Dr Dias, occupational physician

  1. Dr Dias assessed the claimant and provided a report dated 16 November 2020.[40] Dr Dias reported Mr Sukkar sustained an episode of lower back pain in April 2016 while performing a squatting exercise at the gym. He reported he was referred for a CT scan, managed his symptoms of lower back pain with analgesia and stretches and recovered within two to three months. He reported an exacerbation of lower back pain in May 2017, underwent a CT scan on 31 May 2017 and recovered within approximately six to eight weeks. Dr Dias reported

    [40] Index and Annexures p 109.

    Mr Sukkar was pain free and asymptomatic with respect to his lumbar spine for approximately four to five months prior to the accident.
  2. The claimant described ongoing pain, stiffness and discomfort of the neck, lower back, right shoulder and right knee. He described radicular symptoms of pins and needles and numbness, affecting the right lower limb. The claimant reported he struggled to walk or stand for more than about three minutes at a time due worsening pain in his lower back and right leg. However, he also stated he had returned to gym based activities in a diminished capacity and currently attends his local gym once to twice a week on average.

  3. Dr Dias reported dysmetria of the lumbar spine, with pain and discomfort on lateral flexion of the lumbar spine. On examination he noted mildly reduced right sided ankle reflex and reduced right sided leg raise of 50º. Dr Dias concluded the neurological examination suggested right L5 radiculopathy.

  4. Dr Dias acknowledged intermittent symptomatic degenerative lumbar spondylosis with episodes of lower back pain secondary to disc protrusion in April 2016 and May 2017 but reported that the lower back pain had resolved within two to three months with conservative treatment, and he had remained pain free and asymptomatic for several months prior to the accident.  He diagnosed persistent aggravation of pre-existing degenerative lumbar spondylosis with associated L4/L5 and L5/S1 disc protrusions and associated persisting right L5 radiculopathy secondary to an acute musculoskeletal impaction injury.
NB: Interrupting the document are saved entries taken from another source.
(* Let $m$ be an odd positive integer and let $r,s\in\mathbb{Z}$ satisfy $2^{-1}+r^2+s^2\equiv 0\pmod m$, where $2^{-1}$ is the inverse of $2$ modulo $m$. Every $\mathbf{q}\in H_{1,2,2}$ is congruent modulo $mH_{1,2,2}$ to an element $q_1+q_2\mathbf{i}+q_3\sqrt2\,\mathbf{j}+q_4\sqrt2\,\mathbf{k}$ with $q_1,\dots,q_4\in\mathbb{Z}$; define $$\tau(\mathbf{q})=\begin{pmatrix}\alpha&\beta\\ \gamma&\delta\end{pmatrix},\quad \alpha=q_1-2rq_3-2sq_4,\ \beta=q_2-2sq_3+2rq_4,\ \gamma=-q_2-2sq_3+2rq_4,\ \delta=q_1+2rq_3+2sq_4,$$ with entries taken modulo $m$. Then $\tau$ is a well-defined ring isomorphism from $H_{1,2,2}/mH_{1,2,2}$ onto the ring $M_2(\mathbb{Z}/m\mathbb{Z})$ of $2\times2$ matrices over $\mathbb{Z}/m\mathbb{Z}$, and $\det\tau(\mathbf{q})\equiv N(\mathbf{q})\pmod m$ for all $\mathbf{q}\in H_{1,2,2}$.
   Context: Let $\mathbf{i},\mathbf{j},\mathbf{k}$ be the standard quaternion units; $\overline{\mathbf{q}}$ is quaternion conjugation and $N(\mathbf{q})=\mathbf{q}\overline{\mathbf{q}}$. $H_{1,2,2}$ is the subring of the quaternions equal to the $\mathbb{Z}$-module generated by $\mathbf{v}_1=1$, $\mathbf{v}_2=\mathbf{i}$, $\mathbf{v}_3=\tfrac12(1+\mathbf{i}+\sqrt2\,\mathbf{j})$, $\mathbf{v}_4=\tfrac12(1+\mathbf{i}+\sqrt2\,\mathbf{k})$; the norm takes integer values on it. Such $r,s$ exist for every odd $m$. *)

theory Defs
  imports "HOL-Analysis.Determinants" "HOL-Number_Theory.Cong"
begin

datatype quat = Quat (qre: real) (qi: real) (qj: real) (qk: real)

definition qadd :: "quat \<Rightarrow> quat \<Rightarrow> quat" where
  "qadd p q = Quat (qre p + qre q) (qi p + qi q) (qj p + qj q) (qk p + qk q)"

definition qsub :: "quat \<Rightarrow> quat \<Rightarrow> quat" where
  "qsub p q = Quat (qre p - qre q) (qi p - qi q) (qj p - qj q) (qk p - qk q)"

definition qmul :: "quat \<Rightarrow> quat \<Rightarrow> quat" where
  "qmul p q = Quat
     (qre p * qre q - qi p * qi q - qj p * qj q - qk p * qk q)
     (qre p * qi q + qi p * qre q + qj p * qk q - qk p * qj q)
     (qre p * qj q - qi p * qk q + qj p * qre q + qk p * qi q)
     (qre p * qk q + qi p * qj q - qj p * qi q + qk p * qre q)"

definition qcnj :: "quat \<Rightarrow> quat" where
  "qcnj q = Quat (qre q) (- qi q) (- qj q) (- qk q)"

text \<open>N(q) = q * conj q (a quaternion, real in fact).\<close>
definition qN :: "quat \<Rightarrow> quat" where
  "qN q = qmul q (qcnj q)"

definition qof_int :: "int \<Rightarrow> quat" where
  "qof_int n = Quat (of_int n) 0 0 0"

definition qscale :: "int \<Rightarrow> quat \<Rightarrow> quat" where
  "qscale n q = qmul (qof_int n) q"

definition qone :: quat where "qone = Quat 1 0 0 0"

definition v1 :: quat where "v1 = Quat 1 0 0 0"
definition v2 :: quat where "v2 = Quat 0 1 0 0"
definition v3 :: quat where "v3 = Quat (1/2) (1/2) (sqrt 2 / 2) 0"
definition v4 :: quat where "v4 = Quat (1/2) (1/2) 0 (sqrt 2 / 2)"

definition H122 :: "quat set" where
  "H122 = {qadd (qadd (qscale x1 v1) (qscale x2 v2)) (qadd (qscale x3 v3) (qscale x4 v4))
           | x1 x2 x3 x4. True}"

definition mH :: "int \<Rightarrow> quat set" where
  "mH m = qscale m ` H122"

definition intform :: "int \<Rightarrow> int \<Rightarrow> int \<Rightarrow> int \<Rightarrow> quat" where
  "intform q1 q2 q3 q4 = Quat (of_int q1) (of_int q2) (of_int q3 * sqrt 2) (of_int q4 * sqrt 2)"

text \<open>The matrix tau for the representative q1 + q2 i + q3 sqrt2 j + q4 sqrt2 k
  (integer entries, to be read modulo m).\<close>
definition tau :: "int \<Rightarrow> int \<Rightarrow> int \<Rightarrow> int \<Rightarrow> int \<Rightarrow> int \<Rightarrow> int ^ 2 ^ 2" where
  "tau r s q1 q2 q3 q4 =
     (\<chi> i j. if i = 1 then (if j = 1 then q1 - 2 * r * q3 - 2 * s * q4 else q2 - 2 * s * q3 + 2 * r * q4)
             else (if j = 1 then - q2 - 2 * s * q3 + 2 * r * q4 else q1 + 2 * r * q3 + 2 * s * q4))"

text \<open>Entrywise congruence of integer matrices modulo m, i.e. equality in M_2(Z/mZ).\<close>
definition mcong :: "int \<Rightarrow> int ^ 2 ^ 2 \<Rightarrow> int ^ 2 ^ 2 \<Rightarrow> bool" where
  "mcong m A B \<longleftrightarrow> (\<forall>i j. [A $ i $ j = B $ i $ j] (mod m))"

end

theory Submission
  imports Defs
begin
Dr Nair, orthopaedic surgeon

  1. Dr Nair assessed the claimant on 10 August 2022.[41] The claimant presented with neck, back, right shoulder and right lower extremity pain. He reported a standing tolerance of 5 to 10 minutes, sitting for 30 minutes, and walking for 60 minutes. He reported he attends the gym but only to walk on the treadmill although he does attempt to perform exercises using machines. He reported a 40% global reduction in the thoracolumbar range of motion.

    [41] Index and Annexures p 97.

  2. Dr Nair noted that whilst the claimant had pre-existing degenerative changes in his lumbar spine, he did not have persistent and intrusive symptoms. He stated:

    “The accident in question was a high energy accident, causing multiple injuries. Scrutiny of the imaging revealed significant disc collapse and pathoanatomy at the L4/5 level. The remaining motion segments looked structurally intact radiologically.

    Thus, based on the evident at hand, the subject accident has caused the requirement for surgery. The proposed surgery is reasonable and necessary and would be accepted treatment by a qualm of spinal surgeons.”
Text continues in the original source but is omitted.